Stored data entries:
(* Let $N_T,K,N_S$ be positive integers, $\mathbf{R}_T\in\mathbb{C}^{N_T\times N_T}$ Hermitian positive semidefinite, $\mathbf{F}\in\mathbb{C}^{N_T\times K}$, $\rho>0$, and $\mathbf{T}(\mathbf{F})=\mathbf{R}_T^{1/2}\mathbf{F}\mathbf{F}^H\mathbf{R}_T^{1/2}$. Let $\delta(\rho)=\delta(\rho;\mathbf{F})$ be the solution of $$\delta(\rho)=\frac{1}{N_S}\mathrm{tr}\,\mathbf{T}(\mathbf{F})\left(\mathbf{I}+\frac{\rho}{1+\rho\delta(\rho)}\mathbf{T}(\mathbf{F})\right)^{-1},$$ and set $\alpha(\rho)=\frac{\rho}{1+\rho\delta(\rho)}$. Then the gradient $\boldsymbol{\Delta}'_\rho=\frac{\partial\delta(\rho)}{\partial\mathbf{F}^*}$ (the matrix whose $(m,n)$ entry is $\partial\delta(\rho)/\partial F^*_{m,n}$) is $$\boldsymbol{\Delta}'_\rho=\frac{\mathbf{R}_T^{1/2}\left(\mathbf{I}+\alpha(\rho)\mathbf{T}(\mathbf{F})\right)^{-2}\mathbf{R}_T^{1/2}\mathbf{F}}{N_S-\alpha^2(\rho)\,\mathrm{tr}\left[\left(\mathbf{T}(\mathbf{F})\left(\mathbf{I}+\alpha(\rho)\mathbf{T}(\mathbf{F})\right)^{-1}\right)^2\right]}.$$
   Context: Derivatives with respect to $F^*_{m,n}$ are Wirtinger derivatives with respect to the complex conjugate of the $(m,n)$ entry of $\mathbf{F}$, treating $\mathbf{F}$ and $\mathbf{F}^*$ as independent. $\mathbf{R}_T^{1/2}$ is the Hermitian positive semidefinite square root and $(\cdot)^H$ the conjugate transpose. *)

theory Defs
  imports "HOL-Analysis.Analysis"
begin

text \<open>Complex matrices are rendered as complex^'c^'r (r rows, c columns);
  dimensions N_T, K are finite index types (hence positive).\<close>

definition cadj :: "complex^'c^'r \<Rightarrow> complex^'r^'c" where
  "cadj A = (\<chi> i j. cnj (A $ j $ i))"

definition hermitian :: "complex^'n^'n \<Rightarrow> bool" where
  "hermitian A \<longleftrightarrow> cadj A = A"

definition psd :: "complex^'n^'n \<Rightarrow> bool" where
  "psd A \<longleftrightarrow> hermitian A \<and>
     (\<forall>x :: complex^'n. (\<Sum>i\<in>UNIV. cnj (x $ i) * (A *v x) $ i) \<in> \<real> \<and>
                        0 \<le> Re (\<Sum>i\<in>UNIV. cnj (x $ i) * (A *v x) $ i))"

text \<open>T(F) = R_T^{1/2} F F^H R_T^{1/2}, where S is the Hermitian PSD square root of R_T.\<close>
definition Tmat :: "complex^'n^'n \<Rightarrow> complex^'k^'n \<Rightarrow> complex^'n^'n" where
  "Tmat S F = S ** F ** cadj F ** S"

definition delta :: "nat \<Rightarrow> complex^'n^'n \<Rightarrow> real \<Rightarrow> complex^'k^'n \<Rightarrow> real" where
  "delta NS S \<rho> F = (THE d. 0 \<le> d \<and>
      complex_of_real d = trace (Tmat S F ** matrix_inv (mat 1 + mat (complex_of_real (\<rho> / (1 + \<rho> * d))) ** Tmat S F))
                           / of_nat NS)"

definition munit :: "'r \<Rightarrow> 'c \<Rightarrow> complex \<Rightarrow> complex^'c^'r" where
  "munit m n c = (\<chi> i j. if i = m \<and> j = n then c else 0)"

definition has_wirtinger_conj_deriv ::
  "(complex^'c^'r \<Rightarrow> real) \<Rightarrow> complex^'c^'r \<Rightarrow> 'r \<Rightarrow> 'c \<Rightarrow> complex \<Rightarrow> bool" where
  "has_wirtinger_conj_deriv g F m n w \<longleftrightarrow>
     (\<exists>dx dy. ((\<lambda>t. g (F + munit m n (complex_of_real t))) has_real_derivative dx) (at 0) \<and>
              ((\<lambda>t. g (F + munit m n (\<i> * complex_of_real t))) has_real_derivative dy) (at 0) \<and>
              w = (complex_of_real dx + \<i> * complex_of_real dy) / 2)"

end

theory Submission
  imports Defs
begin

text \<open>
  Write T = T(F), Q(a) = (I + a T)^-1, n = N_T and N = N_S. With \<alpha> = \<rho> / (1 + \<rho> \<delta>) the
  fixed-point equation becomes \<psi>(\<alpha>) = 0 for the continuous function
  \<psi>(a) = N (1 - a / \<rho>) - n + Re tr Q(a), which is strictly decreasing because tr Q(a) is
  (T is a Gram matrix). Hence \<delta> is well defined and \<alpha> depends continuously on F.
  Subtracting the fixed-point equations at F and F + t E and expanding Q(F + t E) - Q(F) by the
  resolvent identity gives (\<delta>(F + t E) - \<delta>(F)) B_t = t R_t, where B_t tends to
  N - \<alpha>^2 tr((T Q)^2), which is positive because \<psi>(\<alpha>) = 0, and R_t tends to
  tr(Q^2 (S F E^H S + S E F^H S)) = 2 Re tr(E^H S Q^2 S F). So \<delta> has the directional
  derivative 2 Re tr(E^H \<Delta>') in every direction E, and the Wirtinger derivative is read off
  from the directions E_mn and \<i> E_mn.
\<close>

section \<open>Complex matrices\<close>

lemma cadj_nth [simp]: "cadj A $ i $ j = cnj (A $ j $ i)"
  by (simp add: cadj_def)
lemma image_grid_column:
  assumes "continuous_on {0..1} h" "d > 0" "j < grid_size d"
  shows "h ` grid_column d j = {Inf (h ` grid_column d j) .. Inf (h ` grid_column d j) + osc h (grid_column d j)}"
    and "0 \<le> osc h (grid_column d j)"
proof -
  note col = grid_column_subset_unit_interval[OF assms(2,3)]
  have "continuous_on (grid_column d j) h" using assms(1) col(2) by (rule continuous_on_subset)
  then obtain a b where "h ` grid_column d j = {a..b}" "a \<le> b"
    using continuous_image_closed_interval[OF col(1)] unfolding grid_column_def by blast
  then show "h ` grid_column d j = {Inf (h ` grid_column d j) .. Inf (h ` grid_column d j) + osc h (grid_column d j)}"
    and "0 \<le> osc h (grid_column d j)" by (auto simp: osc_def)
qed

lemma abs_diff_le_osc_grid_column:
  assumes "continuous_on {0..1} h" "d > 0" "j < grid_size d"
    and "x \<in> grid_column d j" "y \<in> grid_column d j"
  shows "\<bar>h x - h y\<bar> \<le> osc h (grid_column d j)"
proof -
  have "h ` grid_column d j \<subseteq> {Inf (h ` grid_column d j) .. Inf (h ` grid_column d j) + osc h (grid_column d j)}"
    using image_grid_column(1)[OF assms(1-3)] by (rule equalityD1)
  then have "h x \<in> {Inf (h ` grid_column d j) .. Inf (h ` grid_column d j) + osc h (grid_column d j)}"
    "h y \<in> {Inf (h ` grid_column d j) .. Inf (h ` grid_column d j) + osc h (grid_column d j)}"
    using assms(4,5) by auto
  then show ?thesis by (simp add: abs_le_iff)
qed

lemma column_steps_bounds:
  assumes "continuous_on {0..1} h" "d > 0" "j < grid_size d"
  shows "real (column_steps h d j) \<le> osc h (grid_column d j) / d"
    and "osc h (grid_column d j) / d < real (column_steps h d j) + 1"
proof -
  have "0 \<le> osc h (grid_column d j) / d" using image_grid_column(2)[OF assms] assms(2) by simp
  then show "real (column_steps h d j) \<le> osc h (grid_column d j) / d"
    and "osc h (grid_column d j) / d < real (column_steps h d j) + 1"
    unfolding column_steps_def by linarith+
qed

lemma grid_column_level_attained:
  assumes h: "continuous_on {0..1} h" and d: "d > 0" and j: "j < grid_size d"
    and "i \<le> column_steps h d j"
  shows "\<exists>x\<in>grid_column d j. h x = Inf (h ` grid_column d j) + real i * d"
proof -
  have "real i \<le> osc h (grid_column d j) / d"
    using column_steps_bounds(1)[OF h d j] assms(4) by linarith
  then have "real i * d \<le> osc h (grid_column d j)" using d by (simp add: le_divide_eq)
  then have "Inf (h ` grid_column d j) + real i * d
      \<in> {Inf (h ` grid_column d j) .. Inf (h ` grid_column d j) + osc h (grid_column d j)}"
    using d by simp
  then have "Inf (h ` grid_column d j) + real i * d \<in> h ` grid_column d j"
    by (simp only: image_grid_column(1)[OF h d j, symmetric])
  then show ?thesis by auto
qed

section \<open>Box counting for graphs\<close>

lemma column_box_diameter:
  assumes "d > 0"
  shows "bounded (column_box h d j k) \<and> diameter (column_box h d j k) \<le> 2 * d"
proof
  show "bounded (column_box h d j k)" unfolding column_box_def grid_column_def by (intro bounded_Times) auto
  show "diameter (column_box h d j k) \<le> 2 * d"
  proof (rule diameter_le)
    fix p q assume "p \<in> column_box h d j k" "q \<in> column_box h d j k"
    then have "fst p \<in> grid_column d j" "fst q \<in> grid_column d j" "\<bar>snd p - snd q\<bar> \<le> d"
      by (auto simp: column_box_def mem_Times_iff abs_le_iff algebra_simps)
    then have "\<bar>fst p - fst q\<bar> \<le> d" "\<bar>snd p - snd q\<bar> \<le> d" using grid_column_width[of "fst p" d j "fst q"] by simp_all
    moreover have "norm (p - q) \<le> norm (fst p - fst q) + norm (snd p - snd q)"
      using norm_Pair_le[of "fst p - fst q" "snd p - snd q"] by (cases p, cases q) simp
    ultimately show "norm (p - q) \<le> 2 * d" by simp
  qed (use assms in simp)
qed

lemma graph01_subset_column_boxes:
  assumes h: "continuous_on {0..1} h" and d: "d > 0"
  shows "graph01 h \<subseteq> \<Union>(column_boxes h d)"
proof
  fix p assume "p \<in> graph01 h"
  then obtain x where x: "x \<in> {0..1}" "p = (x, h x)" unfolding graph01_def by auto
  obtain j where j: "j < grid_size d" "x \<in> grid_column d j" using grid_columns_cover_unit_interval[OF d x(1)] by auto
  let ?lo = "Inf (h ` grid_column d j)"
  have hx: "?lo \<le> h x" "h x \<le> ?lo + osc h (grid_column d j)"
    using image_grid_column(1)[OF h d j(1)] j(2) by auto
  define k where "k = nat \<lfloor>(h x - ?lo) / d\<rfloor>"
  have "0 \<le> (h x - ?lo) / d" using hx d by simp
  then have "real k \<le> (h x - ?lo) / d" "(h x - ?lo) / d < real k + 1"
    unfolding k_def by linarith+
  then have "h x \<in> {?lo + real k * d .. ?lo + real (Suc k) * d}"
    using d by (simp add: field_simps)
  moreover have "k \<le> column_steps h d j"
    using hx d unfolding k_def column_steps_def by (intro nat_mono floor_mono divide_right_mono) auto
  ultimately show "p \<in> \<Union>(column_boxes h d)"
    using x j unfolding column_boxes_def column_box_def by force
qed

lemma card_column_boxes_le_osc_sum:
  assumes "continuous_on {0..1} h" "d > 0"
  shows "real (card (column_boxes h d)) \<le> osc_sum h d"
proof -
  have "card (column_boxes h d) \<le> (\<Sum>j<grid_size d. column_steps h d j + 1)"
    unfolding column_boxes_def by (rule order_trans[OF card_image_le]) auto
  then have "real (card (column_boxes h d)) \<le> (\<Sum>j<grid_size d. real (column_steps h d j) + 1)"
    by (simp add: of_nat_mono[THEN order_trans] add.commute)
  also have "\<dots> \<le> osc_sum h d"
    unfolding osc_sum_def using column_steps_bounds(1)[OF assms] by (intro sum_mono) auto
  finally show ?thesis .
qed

Work task → Show the lines where the word "bool" appears in the entries.

Solution to this exercise →
definition hermitian :: "complex^'n^'n \<Rightarrow> bool" where
definition psd :: "complex^'n^'n \<Rightarrow> bool" where
  "(complex^'c^'r \<Rightarrow> real) \<Rightarrow> complex^'c^'r \<Rightarrow> 'r \<Rightarrow> 'c \<Rightarrow> complex \<Rightarrow> bool" where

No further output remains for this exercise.